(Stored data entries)
(* There exist absolute constants $c>0$ and $k_0$ such that for all integers $k\ge k_0$, all $\varepsilon\in(0,1)$ and all $\delta\in(0,1/4)$, the $(\varepsilon,\delta)$-sample complexity of estimating the Shannon entropy $H(\vec p)=\sum_{i=1}^k p_i\log\frac1{p_i}$ over $\Delta_k$ satisfies \[ C_H(\varepsilon,\delta)\ge c\,\log\frac1\delta\cdot\frac{\log^2 k}{\varepsilon^2}. \]
   Context: $\Delta_k$ is the set of probability distributions $\vec p=(p_1,\dots,p_k)$ on $[k]=\{1,\dots,k\}$; $\log$ is the natural logarithm. An estimator is any map $\hat f:[k]^*\to\mathbb{R}$ from finite sequences over $[k]$. For a property $f:\Delta_k\to\mathbb{R}$, the $(\varepsilon,\delta)$-sample complexity is \[ C_f(\varepsilon,\delta):=\min_{\hat f}\min\{n:\ \Pr_{X^n\sim\vec p}(|\hat f(X^n)-f(\vec p)|>\varepsilon)\le\delta\ \ \forall\vec p\in\Delta_k\}, \] where $X^n$ denotes $n$ i.i.d. samples from $\vec p$. *)

theory Defs
  imports Complex_Main "HOL-Library.Extended_Real"
begin

text \<open>Probability simplex on [k] = {1..k}; values of p outside {1..k} are irrelevant.\<close>
definition simplex :: "nat \<Rightarrow> (nat \<Rightarrow> real) set" where
  "simplex k = {p. (\<forall>i\<in>{1..k}. 0 \<le> p i) \<and> (\<Sum>i=1..k. p i) = 1}"

text \<open>Shannon entropy (natural log); for p i = 0 the term is 0 * ln(1/0) = 0.\<close>
definition shannon_entropy :: "nat \<Rightarrow> (nat \<Rightarrow> real) \<Rightarrow> real" where
  "shannon_entropy k p = (\<Sum>i=1..k. p i * ln (1 / p i))"

definition seqs :: "nat \<Rightarrow> nat \<Rightarrow> nat list set" where
  "seqs k n = {xs. length xs = n \<and> set xs \<subseteq> {1..k}}"

definition iid_prob :: "nat \<Rightarrow> (nat \<Rightarrow> real) \<Rightarrow> nat \<Rightarrow> (nat list \<Rightarrow> bool) \<Rightarrow> real" where
  "iid_prob k p n A = (\<Sum>xs\<in>{xs\<in>seqs k n. A xs}. \<Prod>j<n. p (xs ! j))"
lemma tight_branching:
  assumes "cnf_on n F" "is_kcnf k F" "k \<ge> 1" "B \<subseteq> {0..<n}"
    and "ext_admissible n F B (Suc s)" "card (sat_ext n F B (Suc s)) = k ^ Suc s"
    and "C \<in> F" "\<not> sat_clause B C"
  defines "P \<equiv> pos_vars C - B"
  shows "card P = k" "C = pos_clause P"
    and "\<And>x. x \<in> P \<Longrightarrow> card (sat_ext n F (insert x B) s) = k ^ s"
    and "disjoint_family_on (\<lambda>x. sat_ext n F (insert x B) s) P"
proof -
  have fB: "finite B" using assms(4) finite_subset by blast
  have fC: "finite C" "card C \<le> k"
    using assms(1,2,7) unfolding cnf_on_def is_kcnf_def by auto
  have fP: "finite P" and card_P_le: "card P \<le> k"
    using finite_pos_vars[OF fC(1)] card_pos_vars_le[OF fC(1)] fC(2) unfolding P_def
    by (auto intro: order_trans)
  have branch_le: "card (sat_ext n F (insert x B) s) \<le> k ^ s" if "x \<in> P" for x
  proof -
    have "x \<notin> B" "insert x B \<subseteq> {0..<n}"
      using that pos_vars_subset[OF assms(1,7)] assms(4) P_def by auto
    then show ?thesis
      using card_sat_ext_le[OF assms(1,2)] ext_admissible_insert[OF assms(5) _ fB] by blast
  qed
  have "k * k ^ s = card (sat_ext n F B (Suc s))"
    using assms(6) by simp
  also have "\<dots> \<le> card (\<Union>x\<in>P. sat_ext n F (insert x B) s)"
    using sat_ext_Suc_subset_UN[OF assms(7,8) fB] fP finite_sat_ext
    unfolding P_def by (intro card_mono) auto
  finally have covered: "k * k ^ s \<le> card (\<Union>x\<in>P. sat_ext n F (insert x B) s)" .
  have kpos: "k ^ s > 0"
    using assms(3) by simp
  have "\<forall>x\<in>P. finite (sat_ext n F (insert x B) s)" "\<forall>x\<in>P. card (sat_ext n F (insert x B) s) \<le> k ^ s"
    using finite_sat_ext branch_le by blast+
  note tight = card_UN_tight[OF fP card_P_le this kpos covered]
  show "card P = k"
    by (rule tight(1))
  show "card (sat_ext n F (insert x B) s) = k ^ s" if "x \<in> P" for x
    by (rule tight(2)[OF that])
  show "disjoint_family_on (\<lambda>x. sat_ext n F (insert x B) s) P"
    by (rule tight(3))
  have sub: "pos_clause P \<subseteq> C"
    unfolding P_def by (rule pos_clause_pos_vars_subset)
  moreover have "card (pos_clause P) = card C"
    using card_mono[OF fC(1) sub] fC(2) \<open>card P = k\<close> by simp
  ultimately show "C = pos_clause P"
    using card_subset_eq[OF fC(1)] by blast
qed

lemma tight_branching_pos_clause_disjoint:
  assumes "cnf_on n F" "is_kcnf k F" "k \<ge> 1" "B \<subseteq> {0..<n}"
    and "ext_admissible n F B (Suc (Suc s))" "card (sat_ext n F B (Suc (Suc s))) = k ^ Suc (Suc s)"
    and "C \<in> F" "\<not> sat_clause B C" "v \<in> pos_vars C - B"
    and "pos_clause W \<in> F" "W \<inter> insert v B = {}"
  shows "W \<inter> (pos_vars C - B) = {}"
proof (rule ccontr)
  assume "W \<inter> (pos_vars C - B) \<noteq> {}"
  then obtain u where u: "u \<in> W" "u \<in> pos_vars C - B" by blast
  note tight = tight_branching[OF assms(1-8)]
  have fB: "finite B" using assms(4) finite_subset by blast
  have vB: "v \<notin> B" "insert v B \<subseteq> {0..<n}"
    using assms(9) pos_vars_subset[OF assms(1,7)] assms(4) by auto
  have "u \<noteq> v" "u \<notin> B"
    using assms(11) u(1) by auto
  have "\<not> sat_clause (insert v B) (pos_clause W)"
    using assms(11) unfolding pos_clause_def sat_clause_def by auto
  moreover have "pos_vars (pos_clause W) - insert v B = W"
    using assms(11) by auto
  ultimately have "card (sat_ext n F (insert u (insert v B)) s) = k ^ s"
    using tight_branching(3)[OF assms(1-3) vB(2) ext_admissible_insert[OF assms(5) vB(1) fB]
        tight(3)[OF assms(9)] assms(10)] u(1) by simp
  then have "sat_ext n F (insert u (insert v B)) s \<noteq> {}"
    using assms(3) by (intro notI) simp
  then obtain A where A: "A \<in> sat_ext n F (insert u (insert v B)) s"
    by blast
  then have "A \<in> sat_ext n F (insert v B) (Suc s)" "A \<in> sat_ext n F (insert u B) (Suc s)"
    using sat_ext_insert_subset[of u "insert v B" n F s]
      sat_ext_insert_subset[of v "insert u B" n F s]
      fB vB(1) \<open>u \<noteq> v\<close> \<open>u \<notin> B\<close> by (auto simp: insert_commute)
  moreover have "sat_ext n F (insert v B) (Suc s) \<inter> sat_ext n F (insert u B) (Suc s) = {}"
    using tight(4) assms(9) u(2) \<open>u \<noteq> v\<close> unfolding disjoint_family_on_def by blast
  ultimately show False by blast
qed

lemma tight_sat_ext_disjoint_pos_clauses:
  assumes "cnf_on n F" "is_kcnf k F" "k \<ge> 1"
  shows "B \<subseteq> {0..<n} \<Longrightarrow> ext_admissible n F B s \<Longrightarrow> card (sat_ext n F B s) = k ^ s \<Longrightarrow>
    \<exists>V :: nat \<Rightarrow> nat set.
      (\<forall>i<s. card (V i) = k \<and> pos_clause (V i) \<in> F \<and> V i \<inter> B = {}) \<and>
      (\<forall>i<s. \<forall>j<s. i \<noteq> j \<longrightarrow> V i \<inter> V j = {})"
proof (induction s arbitrary: B)
  case 0
  show ?case by simp
next
  case (Suc s)
  obtain C where C: "C \<in> F" "\<not> sat_clause B C"
    using ext_admissible_unsat_clause[OF Suc.prems(2,1)] .
  define P where "P = pos_vars C - B"
  note tight = tight_branching[OF assms Suc.prems C, folded P_def]
  have fB: "finite B" using Suc.prems(1) finite_subset by blast
  obtain v where "v \<in> P"
    using tight(1) assms(3) by fastforce
  then have vB: "v \<notin> B" "insert v B \<subseteq> {0..<n}"
    using pos_vars_subset[OF assms(1) C(1)] Suc.prems(1) P_def by auto
  obtain V where V: "\<forall>i<s. card (V i) = k \<and> pos_clause (V i) \<in> F \<and> V i \<inter> insert v B = {}"
    "\<forall>i<s. \<forall>j<s. i \<noteq> j \<longrightarrow> V i \<inter> V j = {}"
    using Suc.IH[OF vB(2) ext_admissible_insert[OF Suc.prems(2) vB(1) fB] tight(3)[OF \<open>v \<in> P\<close>]]
    by blast
  have V_P: "V i \<inter> P = {}" if "i < s" for i
  proof -
    obtain s' where s': "s = Suc s'" using \<open>i < s\<close> by (cases s) auto
    show ?thesis
      using tight_branching_pos_clause_disjoint[OF assms Suc.prems[unfolded s'] C]
        \<open>v \<in> P\<close> V(1) that unfolding P_def by blast
  qed
  define V' where "V' = (\<lambda>i. if i = 0 then P else V (i - 1))"
  show ?case
  proof (intro exI[of _ V'] conjI allI impI)
    fix i assume "i < Suc s"
    then show "card (V' i) = k" "pos_clause (V' i) \<in> F" "V' i \<inter> B = {}"
      using V(1) tight(1,2) C(1) unfolding V'_def P_def by auto
  next
    fix i j assume "i < Suc s" "j < Suc s" "i \<noteq> j"
    then show "V' i \<inter> V' j = {}"
      using V(2) V_P unfolding V'_def by (cases i; cases j) auto
  qed
qed

definition block :: "nat \<Rightarrow> nat \<Rightarrow> nat set" where
  "block k i = {k * i..<k * i + k}"

definition block_cnf :: "nat \<Rightarrow> nat \<Rightarrow> cnf" where
  "block_cnf k t = (\<lambda>i. pos_clause (block k i)) ` {..<t}"

lemma div_of_mem_block: "x \<in> block k i \<Longrightarrow> x div k = i"
  unfolding block_def by (simp add: div_nat_eqI mult.commute)

lemma mem_block: "x < k \<Longrightarrow> k * i + x \<in> block k i"
  unfolding block_def by simp

lemma block_subset:
  assumes "i < t" "k * t \<le> n"
  shows "block k i \<subseteq> {0..<n}"
proof -
  have "k * Suc i \<le> k * t"
    using assms(1) by (intro mult_le_mono2) simp
  then show ?thesis
    using assms(2) unfolding block_def by auto
qed

lemma cnf_on_block_cnf:
  assumes "k * t \<le> n"
  shows "cnf_on n (block_cnf k t)"
proof -
  have "finite C \<and> (\<forall>(v, b)\<in>C. v < n)" if C: "C \<in> block_cnf k t" for C
  proof -
    obtain i where i: "i < t" "C = pos_clause (block k i)"
      using C unfolding block_cnf_def by auto
    have "finite C"
      unfolding i(2) pos_clause_def block_def by simp
    moreover have "\<forall>(v, b)\<in>C. v < n"
      using block_subset[OF i(1) assms] unfolding i(2) pos_clause_def by auto
    ultimately show ?thesis ..
  qed
  moreover have "finite (block_cnf k t)"
    unfolding block_cnf_def by simp
  ultimately show ?thesis
    unfolding cnf_on_def by blast
qed

lemma is_kcnf_block_cnf: "is_kcnf k (block_cnf k t)"
  unfolding is_kcnf_def block_cnf_def block_def by auto

lemma admissible_block_cnf: "admissible n t (block_cnf k t)"
  unfolding admissible_def
proof (intro allI impI notI)
  fix A assume A: "A \<subseteq> {0..<n} \<and> card A < t" and sat: "sat_cnf A (block_cnf k t)"
  have "{..<t} \<subseteq> (\<lambda>a. a div k) ` A"
  proof
    fix i assume "i \<in> {..<t}"
    then have "sat_clause A (pos_clause (block k i))"
      using sat unfolding sat_cnf_def block_cnf_def by auto
    then obtain a where "a \<in> A" "a \<in> block k i"
      unfolding sat_clause_def pos_clause_def by auto
    then show "i \<in> (\<lambda>a. a div k) ` A"
      using div_of_mem_block by force
  qed
  moreover have "finite A"
    using A finite_subset by blast
  ultimately have "card {..<t} \<le> card ((\<lambda>a. a div k) ` A)"
    by (intro card_mono) auto
  also have "\<dots> \<le> card A"
    using \<open>finite A\<close> by (rule card_image_le)
  finally show False
    using A by simp
qed

definition transversal :: "nat \<Rightarrow> nat \<Rightarrow> (nat \<Rightarrow> nat) \<Rightarrow> nat set" where
  "transversal k t f = (\<lambda>i. k * i + f i) ` {..<t}"

lemma block_offset_eq:
  fixes i j k x y :: nat
  assumes "x < k" "y < k" "k * i + x = k * j + y"
  shows "i = j \<and> x = y"
proof -
  have "i = (k * i + x) div k" "j = (k * j + y) div k"
    using assms(1,2) by simp_all
  with assms(3) show ?thesis
    by simp
qed

lemma inj_on_transversal: "inj_on (transversal k t) (PiE {..<t} (\<lambda>_. {..<k}))"
proof (rule inj_onI)
  fix f g assume f: "f \<in> PiE {..<t} (\<lambda>_. {..<k})" and g: "g \<in> PiE {..<t} (\<lambda>_. {..<k})"
    and eq: "transversal k t f = transversal k t g"
  show "f = g"
  proof (rule PiE_ext[OF f g])
    fix i assume "i \<in> {..<t}"
    then obtain j where "j < t" "k * i + f i = k * j + g j"
      using eq unfolding transversal_def by blast
    moreover have "f i < k" "g j < k"
      using f g \<open>i \<in> {..<t}\<close> \<open>j < t\<close> by (simp_all add: PiE_iff)
    ultimately show "f i = g i"
      using block_offset_eq by blast
  qed
qed

lemma transversal_mem_sat_w:
  assumes "k * t \<le> n" "f \<in> PiE {..<t} (\<lambda>_. {..<k})"
  shows "transversal k t f \<in> sat_w n t (block_cnf k t)"
proof -
  have f_less: "f i < k" if "i < t" for i
    using assms(2) that by (simp add: PiE_iff)
  have "inj_on (\<lambda>i. k * i + f i) {..<t}"
  proof (rule inj_onI)
    fix i j assume "i \<in> {..<t}" "j \<in> {..<t}" and eq: "k * i + f i = k * j + f j"
    then have "f i < k" "f j < k"
      using f_less by simp_all
    with eq show "i = j"
      using block_offset_eq by blast
  qed
  then have "card (transversal k t f) = t"
    unfolding transversal_def by (simp add: card_image)
  moreover have "transversal k t f \<subseteq> {0..<n}"
    using mem_block[OF f_less] block_subset[OF _ assms(1)] unfolding transversal_def by blast
  moreover have "sat_clause (transversal k t f) (pos_clause (block k i))" if "i < t" for i
  proof -
    have "(k * i + f i, True) \<in> pos_clause (block k i)" "k * i + f i \<in> transversal k t f"
      using mem_block[OF f_less[OF that]] that unfolding transversal_def pos_clause_def by auto
    then show ?thesis
      unfolding sat_clause_def by auto
  qed
  ultimately show ?thesis
    unfolding sat_w_def sat_cnf_def block_cnf_def by auto
qed

lemma card_sat_w_block_cnf_ge:
  assumes "k * t \<le> n"
  shows "k ^ t \<le> card (sat_w n t (block_cnf k t))"
proof -
  let ?choices = "PiE {..<t} (\<lambda>_. {..<k})"
  have "k ^ t = card (transversal k t ` ?choices)"
    using card_image[OF inj_on_transversal] by (simp add: card_PiE)
  also have "\<dots> \<le> card (sat_w n t (block_cnf k t))"
    using transversal_mem_sat_w[OF assms] finite_sat_ext[of n "block_cnf k t" "{}" t]
    by (intro card_mono) (simp_all add: sat_ext_empty image_subset_iff)
  finally show ?thesis .
qed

WHAT IS REQUIRED: Copy all lines of the records in which the string "False" can be found.

OUTPUT OF THE TASK:
  ultimately show False by blast
  finally show False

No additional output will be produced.